Pour ce faire, le rapporteur estime souhaitable qu'un pilotage étroit soit mis en place au plus haut niveau du ministère de l'intérieur. Il observe, par ailleurs, que la montée en puissance des autres acteurs de la sécurité , appelée de ses voeux par le Livre blanc et envisagée dans les textes législatifs en cours d'examen au Parlement 12 ( * ) , constitue une opportunité de favoriser le renforcement de la capacité opérationnelle des forces de sécurité nationale et de les recentrer sur leurs missions essentielles.


* 5 Cour des comptes, Note d'analyse de l'exécution budgétaire de la mission Sécurités en 2019.

* 6 Réponses aux questionnaires budgétaires.

* 7 Le taux d'engagement des effectifs sur le terrain est un indicateur de performance commun aux programmes 176 « Police nationale » et 152 « Gendarmerie nationale ». Il mesure le nombre d'heures consacrées par les agents hors des locaux à l'effectif réellement disponible.
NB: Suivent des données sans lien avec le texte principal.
(* A derivation of Next delta from Phi+ and Next alpha, with alpha the conjunction of the
   Psi+ hypotheses used, yields Next (alpha --> delta) in Phi+ by the converse K axiom. *)
lemma succ_type_open_consistent:
  assumes Next_imp_axiom: "\<And>\<phi> \<psi>. \<phi> \<in> lang M \<Longrightarrow> \<psi> \<in> lang M \<Longrightarrow>
      Imp (Imp (Next \<phi>) (Next \<psi>)) (Next (Imp \<phi> \<psi>)) \<in> \<Lambda>"
    and \<Phi>: "prime_type M \<Lambda> \<Phi>" and \<Psi>: "prime_type M \<Lambda> \<Psi>"
    and succ_le: "fst (succ_type \<Phi>) \<subseteq> fst \<Psi>"
  shows "\<not> derives \<Lambda> (fst \<Phi> \<union> Next ` fst \<Psi>) (Next ` snd \<Psi>)"
proof
  assume "derives \<Lambda> (fst \<Phi> \<union> Next ` fst \<Psi>) (Next ` snd \<Psi>)"
  then obtain \<delta>s where \<delta>s: "\<delta>s \<in> lists (Next ` snd \<Psi>)"
    and "fst \<Phi> \<union> Next ` fst \<Psi> \<turnstile> disj_list \<delta>s"
    unfolding derives_iff in_lists_conv_set by blast
  moreover obtain \<psi>s where "\<delta>s = map Next \<psi>s" and \<psi>s: "set \<psi>s \<subseteq> snd \<Psi>"
    using \<delta>s unfolding lists_image by auto
  ultimately have "fst \<Phi> \<union> Next ` fst \<Psi> \<turnstile> disj_list (map Next \<psi>s)" by simp
  then obtain \<alpha>s where \<alpha>s: "set \<alpha>s \<subseteq> fst \<Psi>"
    and "insert (Next (conj_list \<alpha>s)) (fst \<Phi>) \<turnstile> disj_list (map Next \<psi>s)"
    using derivable_merge_Next_hyps by blast
  let ?\<alpha> = "conj_list \<alpha>s" and ?\<delta> = "disj_list \<psi>s"
  have in_lang: "?\<alpha> \<in> lang M" "?\<delta> \<in> lang M"
    using \<alpha>s \<psi>s \<Psi> by (auto simp: prime_type_def)
  have "insert (Next ?\<alpha>) (fst \<Phi>) \<turnstile> Next ?\<delta>"
    by (rule derivable_Next_disj_listI) fact
  then have "fst \<Phi> \<turnstile> Imp (Next ?\<alpha>) (Next ?\<delta>)" using in_lang by (simp add: derivable_impI)
  then have "fst \<Phi> \<turnstile> Next (Imp ?\<alpha> ?\<delta>)" by (rule derivable_mp_logic[OF Next_imp_axiom[OF in_lang]])
  then have "Imp ?\<alpha> ?\<delta> \<in> fst \<Psi>"
    using prime_type_closed[OF \<Phi>] succ_le by (auto simp: succ_type_def)
  then have "fst \<Psi> \<turnstile> Imp ?\<alpha> ?\<delta>" using in_lang by (simp add: derivable.hyp)
  moreover have "fst \<Psi> \<turnstile> ?\<alpha>" using \<alpha>s \<Psi>
    by (intro derivable_conj_listI derivable.hyp) (auto simp: prime_type_def)
  ultimately have "fst \<Psi> \<turnstile> ?\<delta>" by (rule derivable.mp)
  with \<psi>s show False using prime_type_consistent[OF \<Psi>] by blast
qed
lemma L2_norm_sq_orbit_avg_pythagoras:
  assumes [measurable]: "h \<in> borel_measurable borel" and h_bdd: "\<And>x. \<bar>h x\<bar> \<le> C"
    and [measurable]: "fs \<in> borel_measurable borel" and fs_L2: "integrable mu (\<lambda>x. (fs x)\<^sup>2)"
    and fs_inv: "\<And>g. AE x in mu. fs (act g x) = fs x"
  shows "L2_norm_sq mu (\<lambda>x. h x - fs x) =
     L2_norm_sq mu (\<lambda>x. orbit_avg lam act h x - fs x) + L2_norm_sq mu (\<lambda>x. h x - orbit_avg lam act h x)"
proof -
  define oh where "oh = orbit_avg lam act h"
  have [measurable]: "oh \<in> borel_measurable borel" unfolding oh_def by measurable
  have oh_bdd: "\<bar>oh x\<bar> \<le> C" for x unfolding oh_def by (rule abs_orbit_avg_le[OF h_bdd])
  have C: "0 \<le> C" using h_bdd[of undefined] by linarith
  have fs_L1: "integrable mu fs"
    using mu_prob fs_L2 by (auto simp: prob_space_def intro: finite_measure.square_integrable_imp_integrable)
  have bdd_prod: "\<bar>a x * b x\<bar> \<le> C * C" if "\<And>x. \<bar>a x\<bar> \<le> C" "\<And>x. \<bar>b x\<bar> \<le> C" for a b :: "'x \<Rightarrow> real" and x
    unfolding abs_mult using that C by (intro mult_mono) auto
  have h2: "integrable mu (\<lambda>x. (h x)\<^sup>2)" and oh2: "integrable mu (\<lambda>x. (oh x)\<^sup>2)"
    and h_oh: "integrable mu (\<lambda>x. h x * oh x)"
    unfolding power2_eq_square using bdd_prod h_bdd oh_bdd by (auto intro!: integrable_mu_abs_le)
  have h_fs: "integrable mu (\<lambda>x. h x * fs x)" and oh_fs: "integrable mu (\<lambda>x. oh x * fs x)"
    using fs_L1 h_bdd oh_bdd by (auto intro!: integrable_bounded_mult[where C=C])
  have oh_inv: "AE x in mu. oh (act g x) = oh x" for g
    unfolding oh_def by (intro AE_I2 orbit_avg_act) measurable
  have "(\<integral>x. oh x * oh x \<partial>mu) = (\<integral>x. h x * oh x \<partial>mu)"
    using integral_orbit_avg_mult_invariant[OF _ h_bdd _ oh2 oh_inv] unfolding oh_def by simp
  moreover have "(\<integral>x. oh x * fs x \<partial>mu) = (\<integral>x. h x * fs x \<partial>mu)"
    using integral_orbit_avg_mult_invariant[OF _ h_bdd _ fs_L2 fs_inv] unfolding oh_def by simp
  ultimately show ?thesis
    unfolding L2_norm_sq_def oh_def[symmetric] integral_power2_diff[OF h2 fs_L2 h_fs]
      integral_power2_diff[OF oh2 fs_L2 oh_fs] integral_power2_diff[OF h2 oh2 h_oh]
    by (simp add: power2_eq_square)
qed
definition subgroup_of_U :: "(complex^'n^'n) set \<Rightarrow> bool" where
  "subgroup_of_U K \<longleftrightarrow> K \<subseteq> unitary_group \<and> mat 1 \<in> K \<and>
     (\<forall>U\<in>K. \<forall>V\<in>K. U ** V \<in> K) \<and> (\<forall>U\<in>K. cadj U \<in> K)"

definition cscale :: "complex \<Rightarrow> complex^'n^'n \<Rightarrow> complex^'n^'n" where
  "cscale c A = (\<chi> i j. c * A $ i $ j)"

definition orbit_K :: "(complex^'n^'n) set \<Rightarrow> complex^'n^'n \<Rightarrow> (complex^'n^'n) set" where
  "orbit_K K A = {U ** A ** cadj U | U. U \<in> K}"

definition rel_num_range ::
  "(complex^'n^'n) set \<Rightarrow> complex^'n^'n \<Rightarrow> complex^'n^'n \<Rightarrow> complex set" where
  "rel_num_range K C A = {trace (cadj C ** (U ** A ** cadj U)) | U. U \<in> K}"

end

theory Submission
  imports Defs
begin

(*
  For a unit scalar c, invariance of W(A,A) under multiplication by c puts c tr(A* A) into
  W(A,A), i.e. tr(A* U A U* ) = c tr(A* A) for some U in K.  As U A U* has the same
  Frobenius norm as A, this is the equality case of the Cauchy-Schwarz inequality, so
  U A U* = c A.  Hence c A and, in the same way, c^-1 A lie in the orbit, which makes the
  orbit invariant under c; and orbit invariance passes to every W(C,A), the image of the
  orbit under the linear map B |-> tr(C* B).
  If c = exp(i phi0) with phi0/2pi irrational, the powers of c are dense in the unit circle,
  and the set of scalars e with e A in the (compact) orbit is closed and contains them, so
  it contains the whole circle.
*)

lemma cadj_mult: "cadj (A ** B) = cadj B ** cadj (A::complex^'n^'n)"
  by (simp add: cadj_def matrix_matrix_mult_def vec_eq_iff mult.commute)

lemma cadj_cadj [simp]: "cadj (cadj A) = A"
  by (simp add: cadj_def vec_eq_iff)

lemma cadj_mat_1 [simp]: "cadj (mat 1) = (mat 1 :: complex^'n^'n)"
  by (simp add: cadj_def mat_def vec_eq_iff)

lemma cscale_conjugate: "cscale c (U ** A ** cadj U) = U ** cscale c A ** cadj (U::complex^'n^'n)"
  by (simp add: cscale_def matrix_matrix_mult_def vec_eq_iff sum_distrib_left sum_distrib_right
      mult.assoc mult.left_commute)

lemma cscale_cscale [simp]: "cscale c (cscale d A) = cscale (c * d) A"
  by (simp add: cscale_def vec_eq_iff mult.assoc)

lemma cscale_1 [simp]: "cscale 1 A = A"
  by (simp add: cscale_def vec_eq_iff)

lemma trace_mult_cscale: "trace (C ** cscale c B) = c * trace (C ** (B::complex^'n^'n))"
  by (simp add: cscale_def trace_def matrix_matrix_mult_def sum_distrib_left mult.left_commute)

lemma trace_cadj_mult:
  "trace (cadj A ** B) = (\<Sum>i\<in>UNIV. \<Sum>k\<in>UNIV. cnj (A$k$i) * (B::complex^'n^'n)$k$i)"
  by (simp add: trace_def matrix_matrix_mult_def cadj_def)

lemma trace_cadj_self:
  "trace (cadj A ** A) = complex_of_real (\<Sum>i\<in>UNIV. \<Sum>k\<in>UNIV. (cmod (A$k$i))\<^sup>2)"
  unfolding trace_cadj_mult of_real_sum complex_norm_square by (simp add: mult.commute)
* 8 L'organisation des temps de travail au sein de la police nationale a fait l'objet, à compter de 2016, d'une importante réforme, impulsée par deux mouvements concomitants : d'une part, la nécessité de mise en conformité des rythmes de travail des agents avec la législation européenne ; d'autre part, les conséquences de la concertation sociale engagée en 2014 au sein de la police nationale. A été expérimenté, dans certains services de sécurité publique, un cycle dit de la vacation forte, qui repose sur trois vacations consécutives de matin ou d'après-midi, suivies de deux jours de repos. Très prisé par les policiers, ce cycle était toutefois très coûteux en effectifs.

* 9 Rapport n° 612 (2017-2018) de M. François Grosdidier, fait au nom de la commission d'enquête relative à l'état des forces de sécurité intérieure, déposé le 27 juin 2018. Ce rapport peut être consulté à l'adresse suivante : http://www.senat.fr/rap/r17-612-1/r17-612-1.html .

* 10 Réponses aux questionnaires budgétaires.

* 11 Indicateurs de performances figurant dans les rapports annuels de performance annexés, chaque année, au projet de loi de règlement.

* 12 Proposition de loi relative à la sécurité globale de M. Jean-Michel Fauvergue et Mme Alice Thourot, déposée à l'Assemblée nationale le 20 octobre 2020.